C. C. Brown

No. 24, 41, 39, 38
- Position: Safety

Personal information
- Born: January 27, 1983 (age 43) Greenwood, Mississippi, U.S.
- Listed height: 6 ft 0 in (1.83 m)
- Listed weight: 208 lb (94 kg)

Career information
- High school: Greenwood
- College: Louisiana-Lafayette
- NFL draft: 2005: 6th round, 188th overall pick

Career history
- Houston Texans (2005–2008); New York Giants (2009); Detroit Lions (2010); Jacksonville Jaguars (2011);

Awards and highlights
- First-team All-Sun Belt (2004); Second-team All-Sun Belt (2003);

Career NFL statistics
- Total tackles: 374
- Sacks: 1
- Forced fumbles: 8
- Fumble recoveries: 4
- Interceptions: 3
- Stats at Pro Football Reference

= C. C. Brown =

American football player (born 1983)

Ceandris Nehemiah Brown (born January 27, 1983) is an American former professional football player who was a safety in the National Football League (NFL). He was selected by the Houston Texans in the sixth round of the 2005 NFL draft. He played college football for the Louisiana-Lafayette Ragin' Cajuns, and was also enlisted in the Mississippi National Guard.
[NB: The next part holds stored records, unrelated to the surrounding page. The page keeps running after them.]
(* For a thermodynamic Stephani universe with $\dot R\neq0$, $b'(R)\neq0$ and $a(R)\neq0$, one has $$\pi=\frac p\rho=\frac{a(R)\,(1+b w)}{1+(b-Rb')w}-1,$$ and the indicatrix $\chi=u(p)/u(\rho)$ is $$\chi=\pi+\frac13+\frac13(\pi+1)\big[(\pi+1)A_1(R)+A_2(R)\big],\qquad A_1=-\frac{Rb''}{a^2b'},\quad A_2=\frac{Rb''}{ab'}-\frac{a'R}{a^2}-\frac1a .$$ Consequently (since $\rho$ is a function of $R$), $c_s^2=\chi(\rho,p)=\pi+\frac13+\frac13(\pi+1)[(\pi+1)A_1(\rho)+A_2(\rho)]$ for two real functions $A_1(\rho),A_2(\rho)$.
   Context: Thermodynamic Stephani universe: $ds^2=-\alpha^2dt^2+\Omega^2(dx^2+dy^2+dz^2)$ with $L=R(t)/(1+b(t)w)$, $\Omega=\frac{w}{2z}L$, $\alpha=R\,\partial_R\ln L$, $w=2z/(1+\frac\varepsilon4 r^2)$, $r^2=x^2+y^2+z^2$, $\varepsilon\in\{0,\pm1\}$, $R(t),b(t)$ arbitrary; functions of $t$ are regarded as functions of $R$ and a prime denotes $d/dR$; thus $\alpha=\frac{1+(b-Rb')w}{1+bw}$. Fluid velocity $u=\alpha^{-1}\partial_t$, $\rho=\frac{3}{R^2}(\dot R^2+\varepsilon-4b^2)$, $p=-\rho-\frac R3\frac{\rho'(R)}{\alpha}$, and $a(R)\equiv-\frac{R\rho'(R)}{3\rho}$. *)

theory Defs
  imports "HOL-Analysis.Analysis"
begin

text \<open>Thermodynamic Stephani universe. Functions of t are regarded as
functions of R; b and rho are functions of R, a prime is d/dR (deriv).
Rt is the scale factor R(t).\<close>

definition stephani_w :: "real \<Rightarrow> real \<Rightarrow> real \<Rightarrow> real \<Rightarrow> real" where
  "stephani_w \<epsilon> x y z = 2 * z / (1 + \<epsilon> / 4 * (x^2 + y^2 + z^2))"

definition stephani_alpha :: "(real \<Rightarrow> real) \<Rightarrow> real \<Rightarrow> real \<Rightarrow> real" where
  "stephani_alpha b R w = (1 + (b R - R * deriv b R) * w) / (1 + b R * w)"

definition stephani_p :: "(real \<Rightarrow> real) \<Rightarrow> (real \<Rightarrow> real) \<Rightarrow> real \<Rightarrow> real \<Rightarrow> real" where
  "stephani_p rho b R w = - rho R - R / 3 * deriv rho R / stephani_alpha b R w"

definition stephani_a :: "(real \<Rightarrow> real) \<Rightarrow> real \<Rightarrow> real" where
  "stephani_a rho R = - R * deriv rho R / (3 * rho R)"

definition stephani_A1 :: "(real \<Rightarrow> real) \<Rightarrow> (real \<Rightarrow> real) \<Rightarrow> real \<Rightarrow> real" where
  "stephani_A1 rho b R =
     - R * deriv (deriv b) R / ((stephani_a rho R)^2 * deriv b R)"

definition stephani_A2 :: "(real \<Rightarrow> real) \<Rightarrow> (real \<Rightarrow> real) \<Rightarrow> real \<Rightarrow> real" where
  "stephani_A2 rho b R =
     R * deriv (deriv b) R / (stephani_a rho R * deriv b R)
     - deriv (stephani_a rho) R * R / (stephani_a rho R)^2
     - 1 / stephani_a rho R"

text \<open>Action of the fluid velocity u = alpha^{-1} d/dt on a scalar whose
dependence on t (at a fixed spatial point) is F.\<close>
definition fluid_u :: "real \<Rightarrow> (real \<Rightarrow> real) \<Rightarrow> real \<Rightarrow> real" where
  "fluid_u alph F t = deriv F t / alph"

end

theory Submission
  imports Defs
begin

text \<open>With \<open>\<beta> = 1/\<alpha> = (1 + b w)/(1 + (b - R b') w)\<close>, the definition of \<open>a\<close> turns the
pressure into \<open>p = \<rho> (a \<beta> - 1)\<close>, which is the formula for \<open>\<pi>\<close>. Along the flow both
\<open>u(p)\<close> and \<open>u(\<rho>)\<close> carry the same factor \<open>\<dot>R/\<alpha>\<close>, so \<open>\<chi> = p'(R)/\<rho>'(R)\<close>.
Differentiating \<open>p = \<rho> (a \<beta> - 1)\<close> by the product rule and eliminating
\<open>\<rho>' = -3 a \<rho>/R\<close> and \<open>\<beta>' = (\<beta> - 1)(1 + R b'' \<beta>/b')/R\<close> (the latter because the
numerator and denominator of \<open>\<beta>\<close> differ by \<open>R b' w\<close>), then substituting
\<open>\<beta> = (\<pi> + 1)/a\<close>, gives the formula for \<open>\<chi>\<close>.\<close>

definition inverse_lapse :: "(real \<Rightarrow> real) \<Rightarrow> real \<Rightarrow> real \<Rightarrow> real" where
  "inverse_lapse b w r = (1 + b r * w) / (1 + (b r - r * deriv b r) * w)"

lemma divide_stephani_alpha: "u / stephani_alpha b r w = u * inverse_lapse b w r"
  unfolding stephani_alpha_def inverse_lapse_def by simp

lemma stephani_p_eq:
  assumes "rho r \<noteq> 0"
  shows "stephani_p rho b r w = rho r * (stephani_a rho r * inverse_lapse b w r - 1)"
  using assms unfolding stephani_p_def stephani_a_def divide_stephani_alpha
  by (simp add: field_simps)

lemma inverse_lapse_has_derivative:
  assumes b: "b differentiable (at r)" and b': "deriv b differentiable (at r)"
    and "r \<noteq> 0" "deriv b r \<noteq> 0" and den: "1 + (b r - r * deriv b r) * w \<noteq> 0"
  shows "(inverse_lapse b w has_real_derivative
           (inverse_lapse b w r - 1) * (1 + r * deriv (deriv b) r / deriv b r * inverse_lapse b w r) / r)
         (at r)"
proof -
  define N D where "N = 1 + b r * w" and "D = 1 + (b r - r * deriv b r) * w"
  have "D \<noteq> 0" using den unfolding D_def .
  have raw: "(inverse_lapse b w has_real_derivative
          ((deriv b r * w) * D + N * r * (deriv (deriv b) r * w)) / D\<^sup>2) (at r)"
    unfolding inverse_lapse_def[abs_def] N_def D_def
    apply (rule derivative_eq_intros
        b[unfolded DERIV_deriv_iff_real_differentiable[symmetric]]
        b'[unfolded DERIV_deriv_iff_real_differentiable[symmetric]] refl)+
    using den by (auto simp: power2_eq_square algebra_simps)
  have b1w: "deriv b r * w = (N - D) / r"
    using \<open>r \<noteq> 0\<close> unfolding N_def D_def by (simp add: field_simps)
  have b2w: "deriv (deriv b) r * w = deriv (deriv b) r / deriv b r * ((N - D) / r)"
    using \<open>deriv b r \<noteq> 0\<close> b1w by (metis nonzero_eq_divide_eq mult.assoc mult.commute)
  have "((deriv b r * w) * D + N * r * (deriv (deriv b) r * w)) / D\<^sup>2
      = (N / D - 1) * (1 + r * deriv (deriv b) r / deriv b r * (N / D)) / r"
    unfolding b1w b2w using assms(3,4) \<open>D \<noteq> 0\<close> by (simp add: field_simps power2_eq_square)
  moreover have "inverse_lapse b w r = N / D" unfolding inverse_lapse_def N_def D_def ..
  ultimately show ?thesis using raw by simp
qed

lemma stephani_a_differentiable:
  assumes "rho differentiable (at r)" "deriv rho differentiable (at r)" "rho r \<noteq> 0"
  shows "stephani_a rho differentiable (at r)"
  unfolding stephani_a_def[abs_def] using assms by (intro derivative_intros) auto

lemma stephani_p_has_derivative:
  assumes rho: "(rho has_real_derivative rho') (at r)" and "rho r \<noteq> 0"
    and a: "(stephani_a rho has_real_derivative a') (at r)"
    and beta: "(inverse_lapse b w has_real_derivative beta') (at r)"
  shows "((\<lambda>s. stephani_p rho b s w) has_real_derivative
           rho' * (stephani_a rho r * inverse_lapse b w r - 1)
           + rho r * (a' * inverse_lapse b w r + stephani_a rho r * beta')) (at r)"
proof -
  have "\<forall>\<^sub>F s in nhds r. rho s \<noteq> 0"
    using DERIV_isCont[OF rho] \<open>rho r \<noteq> 0\<close>
    by (intro tendsto_imp_eventually_ne) (auto simp: isCont_def tendsto_at_iff_tendsto_nhds)
  then have "\<forall>\<^sub>F s in nhds r.
      stephani_p rho b s w = rho s * (stephani_a rho s * inverse_lapse b w s - 1)"
    by eventually_elim (rule stephani_p_eq)
  moreover have "((\<lambda>s. rho s * (stephani_a rho s * inverse_lapse b w s - 1)) has_real_derivative
      rho' * (stephani_a rho r * inverse_lapse b w r - 1)
      + rho r * (a' * inverse_lapse b w r + stephani_a rho r * beta')) (at r)"
    by (rule derivative_eq_intros rho a beta refl)+ (simp add: algebra_simps)
  ultimately show ?thesis by (subst DERIV_cong_ev[OF refl _ refl])
qed

lemma fluid_u_ratio_chain:
  assumes R: "(R has_real_derivative R') (at t)" "R' \<noteq> 0" and "alph \<noteq> 0"
    and F: "(F has_real_derivative F') (at (R t))" and G: "(G has_real_derivative G') (at (R t))"
  shows "fluid_u alph (\<lambda>s. F (R s)) t / fluid_u alph (\<lambda>s. G (R s)) t = F' / G'"
proof -
  have "deriv (\<lambda>s. F (R s)) t = F' * R'" "deriv (\<lambda>s. G (R s)) t = G' * R'"
    using DERIV_chain2[OF F R(1)] DERIV_chain2[OF G R(1)] by (auto intro: DERIV_imp_deriv)
  then show ?thesis unfolding fluid_u_def using assms(2,3) by simp
qed

lemma indicatrix_identity:
  fixes r rho rho' a a' beta beta' b' b'' pr :: real
  assumes "r \<noteq> 0" "rho \<noteq> 0" "a \<noteq> 0" and a: "a = - r * rho' / (3 * rho)"
    and beta': "beta' = (beta - 1) * (1 + r * b'' / b' * beta) / r"
    and pr: "pr = a * beta - 1"
  shows "(rho' * (a * beta - 1) + rho * (a' * beta + a * beta')) / rho'
      = pr + 1/3 + 1/3 * (pr + 1) * ((pr + 1) * (- r * b'' / (a\<^sup>2 * b'))
          + (r * b'' / (a * b') - a' * r / a\<^sup>2 - 1 / a))"
proof -
  have rho': "rho' = - 3 * a * rho / r" using assms(1,2) a by (simp add: field_simps)
  show ?thesis unfolding rho' beta' pr using assms(1-3)
    by (cases "b' = 0") (simp_all add: field_simps power2_eq_square)
qed

theorem mainTheorem10:
  fixes Rt b rho :: "real \<Rightarrow> real"
    and \<epsilon> x y z t0 :: real
    and T S :: "real set"
  assumes eps: "\<epsilon> \<in> {-1, 0, 1}"
    and T: "open T" "t0 \<in> T"
    and Rt_diff: "\<forall>t\<in>T. Rt differentiable (at t)"
    and Rt_pos: "\<forall>t\<in>T. Rt t > 0"
    and rho_def: "\<forall>t\<in>T. rho (Rt t)
          = 3 / (Rt t)^2 * ((deriv Rt t)^2 + \<epsilon> - 4 * (b (Rt t))^2)"
    and S: "open S" "Rt t0 \<in> S"
    and b_diff: "\<forall>r\<in>S. b differentiable (at r)"
    and rho_diff: "\<forall>r\<in>S. rho differentiable (at r)"
    and b2_diff: "deriv b differentiable (at (Rt t0))"
    and rho2_diff: "deriv rho differentiable (at (Rt t0))"
    and Rdot: "deriv Rt t0 \<noteq> 0"
    and bprime: "deriv b (Rt t0) \<noteq> 0"
    and a_nz: "stephani_a rho (Rt t0) \<noteq> 0"
    and den1: "1 + b (Rt t0) * stephani_w \<epsilon> x y z \<noteq> 0"
    and den2: "1 + (b (Rt t0) - Rt t0 * deriv b (Rt t0)) * stephani_w \<epsilon> x y z \<noteq> 0"
  shows "(let R = Rt t0; w = stephani_w \<epsilon> x y z;
              pr = stephani_p rho b R w / rho R;
              chi = fluid_u (stephani_alpha b R w) (\<lambda>t. stephani_p rho b (Rt t) w) t0
                  / fluid_u (stephani_alpha b R w) (\<lambda>t. rho (Rt t)) t0
          in pr = stephani_a rho R * (1 + b R * w) / (1 + (b R - R * deriv b R) * w) - 1
           \<and> chi = pr + 1/3 + 1/3 * (pr + 1) *
                   ((pr + 1) * stephani_A1 rho b R + stephani_A2 rho b R))"
proof -
  define R w where "R = Rt t0" and "w = stephani_w \<epsilon> x y z"
  have "R \<noteq> 0" "rho R \<noteq> 0" using a_nz unfolding stephani_a_def R_def by auto
  have rho_R: "rho differentiable (at R)" and b_R: "b differentiable (at R)"
    using rho_diff b_diff S unfolding R_def by auto
  have rho: "(rho has_real_derivative deriv rho R) (at R)"
    using rho_R by (simp add: DERIV_deriv_iff_real_differentiable)
  have a: "(stephani_a rho has_real_derivative deriv (stephani_a rho) R) (at R)"
    using stephani_a_differentiable[OF rho_R rho2_diff[folded R_def] \<open>rho R \<noteq> 0\<close>]
    by (simp add: DERIV_deriv_iff_real_differentiable)
  note beta = inverse_lapse_has_derivative[OF b_R b2_diff[folded R_def] \<open>R \<noteq> 0\<close>
      bprime[folded R_def] den2[folded R_def w_def]]
  note p = stephani_p_has_derivative[OF rho \<open>rho R \<noteq> 0\<close> a beta]
  have Rt: "(Rt has_real_derivative deriv Rt t0) (at t0)"
    using Rt_diff T by (simp add: DERIV_deriv_iff_real_differentiable)
  have "stephani_alpha b R w \<noteq> 0"
    using den1 den2 unfolding stephani_alpha_def R_def w_def by simp
  note chi = fluid_u_ratio_chain[OF Rt Rdot this p[unfolded R_def] rho[unfolded R_def], folded R_def]
  have pr: "stephani_p rho b R w / rho R = stephani_a rho R * inverse_lapse b w R - 1"
    using stephani_p_eq[of rho R b w] \<open>rho R \<noteq> 0\<close> by simp
  show ?thesis
    unfolding Let_def R_def[symmetric] w_def[symmetric] chi stephani_A1_def stephani_A2_def
    using indicatrix_identity[OF \<open>R \<noteq> 0\<close> \<open>rho R \<noteq> 0\<close> a_nz[folded R_def]
        stephani_a_def refl pr]
    by (simp add: pr inverse_lapse_def)
qed

end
Brown was also a member of the New York Giants, Detroit Lions and Jacksonville Jaguars.

==Professional career==

===Houston Texans===
Brown was selected by the Houston Texans in the sixth round of the 2005 NFL draft. He started in all of his four years with the Texans.

===New York Giants===
Brown became a free agent in 2009 and signed a one-year deal with the New York Giants. He was tendered a one-year contract by the Giants following the 2009 NFL season, but the tender was withdrawn after the Giants signed Deon Grant.

===Detroit Lions===
On May 10, 2010, Brown signed a contract with the Detroit Lions.

==NFL career statistics==

Legend
| Bold | Career high |

Year: Team; Games; Tackles; Interceptions; Fumbles
GP: GS; Cmb; Solo; Ast; Sck; TFL; Int; Yds; TD; Lng; PD; FF; FR; Yds; TD
2005: HOU; 16; 13; 80; 54; 26; 0.0; 3; 1; 5; 0; 5; 2; 1; 0; 0; 0
2006: HOU; 15; 15; 77; 67; 10; 1.0; 1; 1; 0; 0; 0; 5; 1; 1; 0; 0
2007: HOU; 16; 16; 84; 64; 20; 0.0; 1; 1; 9; 0; 9; 8; 2; 3; 19; 0
2008: HOU; 3; 3; 15; 12; 3; 0.0; 0; 0; 0; 0; 0; 1; 0; 0; 0; 0
2009: NYG; 16; 7; 69; 59; 10; 0.0; 3; 0; 0; 0; 0; 3; 3; 0; 0; 0
2010: DET; 15; 8; 46; 37; 9; 0.0; 1; 0; 0; 0; 0; 4; 1; 0; 0; 0
2011: JAX; 2; 0; 3; 2; 1; 0.0; 0; 0; 0; 0; 0; 0; 0; 0; 0; 0
83; 62; 374; 295; 79; 1.0; 9; 3; 14; 0; 9; 23; 8; 4; 19; 0

==Healthcare fraud case==
Brown was charged with one count of conspiracy to commit wire fraud and health care fraud, one count of wire fraud, and one count of health care fraud by the United States Department of Justice on December 12, 2019. He initially pleaded not guilty to the charges, but changed his plea to guilty. He was sentenced to 12 months in prison and ordered to pay back $84,777 on June 22, 2020.